## WORK TO COMPLETE
Below are some records. Repeat exactly the lines from the one containing "Context: Let $\boldsymbol" through the final line.

## AVAILABLE DATA
BEGIN
(* For $s>0$, define $\boldsymbol \mu(s)$ as the unique minimizer of the regularized and constrained minimization problem \[ \min_{\boldsymbol \theta \in \mathbb{R}^d,\ \boldsymbol \theta \geq \mathbf{0}} \left\{ f(\boldsymbol \theta) + \frac{1}{s} \langle \boldsymbol k, \boldsymbol \theta \rangle \right\} \] and let $I(s) = \{ i \in \{1, \dots, d\} \mid \mu_i(s) > 0 \}$. Then: (1) The minimizer $\boldsymbol \mu(s)$ is nondecreasing in $s$, i.e., for all $i \in \{1,\dots,d\}$, $\mu_i(s)$ is nondecreasing in $s$. Consequently, $I(s)$ is nondecreasing in $s$ for the inclusion. (2) Denote $s_1, \dots, s_q$ the points of discontinuity of the function $s \mapsto I(s)$. For all $s > 0$, $s \neq s_1, \dots, s_q$, \[ \boldsymbol \theta^{(\varepsilon)}\left(s \log \tfrac{1}{\varepsilon}\right) \xrightarrow[\varepsilon \to 0]{} \boldsymbol \theta_*^{(I(s))} . \] Moreover, the convergence is uniform for $s$ in compact subsets of $\mathbb{R}_{>0} \setminus \{s_1, \dots, s_q\}$. (3) For all $s>0$, \[ \frac{1}{s \log \frac{1}{\varepsilon}} \int_{0}^{s \log \frac{1}{\varepsilon}} \boldsymbol \theta^{(\varepsilon)}(t)\, \mathrm{d} t \xrightarrow[\varepsilon \to 0]{} \boldsymbol \mu(s) . \] Moreover, the convergence is uniform for $s$ in compact subsets of $\mathbb{R}_{>0}$.
   Context: Let $\boldsymbol X \in \mathbb{R}^{n\times d}$ (rows $\boldsymbol x_1,\dots,\boldsymbol x_n$, columns/features $\boldsymbol X_1,\dots,\boldsymbol X_d$), $\boldsymbol y \in \mathbb{R}^n$, $\boldsymbol M = \boldsymbol X^\top \boldsymbol X$, $\boldsymbol r = \boldsymbol X^\top \boldsymbol y$, and $f(\boldsymbol \theta) = \frac{1}{2}\Vert \boldsymbol y\Vert^2 - \langle \boldsymbol r, \boldsymbol \theta\rangle + \frac12 \langle \boldsymbol \theta, \boldsymbol M \boldsymbol \theta\rangle$. Assume (A1) $\boldsymbol r > \mathbf{0}$ (all coordinates positive) and (A2) $M_{ij} = \langle \boldsymbol X_i, \boldsymbol X_j\rangle \leq 0$ for all $i \neq j$. The diagonal linear network dynamics (gradient flow in $u_i$ with $\theta_i = u_i^2/4$) is \[ \frac{\mathrm{d} \theta_i}{\mathrm{d} t} = \theta_i \Big( r_i - \sum_{j=1}^{d} M_{ij} \theta_j \Big), \quad i=1,\dots,d. \] For $\varepsilon>0$, $\boldsymbol \theta^{(\varepsilon)}(t)$ denotes the solution of this ODE started from $\boldsymbol \theta^{(\varepsilon)}(0) = (C_1 \varepsilon^{k_1}, \dots, C_d \varepsilon^{k_d})$ with constants $\boldsymbol C = (C_1,\dots,C_d) > \mathbf{0}$ and $\boldsymbol k = (k_1,\dots,k_d) > \mathbf{0}$. For $I \subset \{1,\dots,d\}$, $\boldsymbol \theta_*^{(I)}$ denotes the unique fixed point $\boldsymbol \theta \geq \mathbf{0}$ of this ODE with support $\{i : \theta_i > 0\}$ equal to $I$; explicitly $(\boldsymbol \theta_*^{(I)})_I = (\boldsymbol M_{II})^{-1}\boldsymbol r_I$ and $(\boldsymbol \theta_*^{(I)})_{I^c} = \mathbf{0}$, where $\boldsymbol M_{II}$ is the principal submatrix of $\boldsymbol M$ indexed by $I$ and $\boldsymbol r_I$ the subvector of $\boldsymbol r$ indexed by $I$. Vector inequalities are coordinatewise. *)

theory Defs
  imports "HOL-Analysis.Analysis"
begin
END
## EXERCISE RESPONSE
   Context: Let $\boldsymbol X \in \mathbb{R}^{n\times d}$ (rows $\boldsymbol x_1,\dots,\boldsymbol x_n$, columns/features $\boldsymbol X_1,\dots,\boldsymbol X_d$), $\boldsymbol y \in \mathbb{R}^n$, $\boldsymbol M = \boldsymbol X^\top \boldsymbol X$, $\boldsymbol r = \boldsymbol X^\top \boldsymbol y$, and $f(\boldsymbol \theta) = \frac{1}{2}\Vert \boldsymbol y\Vert^2 - \langle \boldsymbol r, \boldsymbol \theta\rangle + \frac12 \langle \boldsymbol \theta, \boldsymbol M \boldsymbol \theta\rangle$. Assume (A1) $\boldsymbol r > \mathbf{0}$ (all coordinates positive) and (A2) $M_{ij} = \langle \boldsymbol X_i, \boldsymbol X_j\rangle \leq 0$ for all $i \neq j$. The diagonal linear network dynamics (gradient flow in $u_i$ with $\theta_i = u_i^2/4$) is \[ \frac{\mathrm{d} \theta_i}{\mathrm{d} t} = \theta_i \Big( r_i - \sum_{j=1}^{d} M_{ij} \theta_j \Big), \quad i=1,\dots,d. \] For $\varepsilon>0$, $\boldsymbol \theta^{(\varepsilon)}(t)$ denotes the solution of this ODE started from $\boldsymbol \theta^{(\varepsilon)}(0) = (C_1 \varepsilon^{k_1}, \dots, C_d \varepsilon^{k_d})$ with constants $\boldsymbol C = (C_1,\dots,C_d) > \mathbf{0}$ and $\boldsymbol k = (k_1,\dots,k_d) > \mathbf{0}$. For $I \subset \{1,\dots,d\}$, $\boldsymbol \theta_*^{(I)}$ denotes the unique fixed point $\boldsymbol \theta \geq \mathbf{0}$ of this ODE with support $\{i : \theta_i > 0\}$ equal to $I$; explicitly $(\boldsymbol \theta_*^{(I)})_I = (\boldsymbol M_{II})^{-1}\boldsymbol r_I$ and $(\boldsymbol \theta_*^{(I)})_{I^c} = \mathbf{0}$, where $\boldsymbol M_{II}$ is the principal submatrix of $\boldsymbol M$ indexed by $I$ and $\boldsymbol r_I$ the subvector of $\boldsymbol r$ indexed by $I$. Vector inequalities are coordinatewise. *)

theory Defs
  imports "HOL-Analysis.Analysis"
begin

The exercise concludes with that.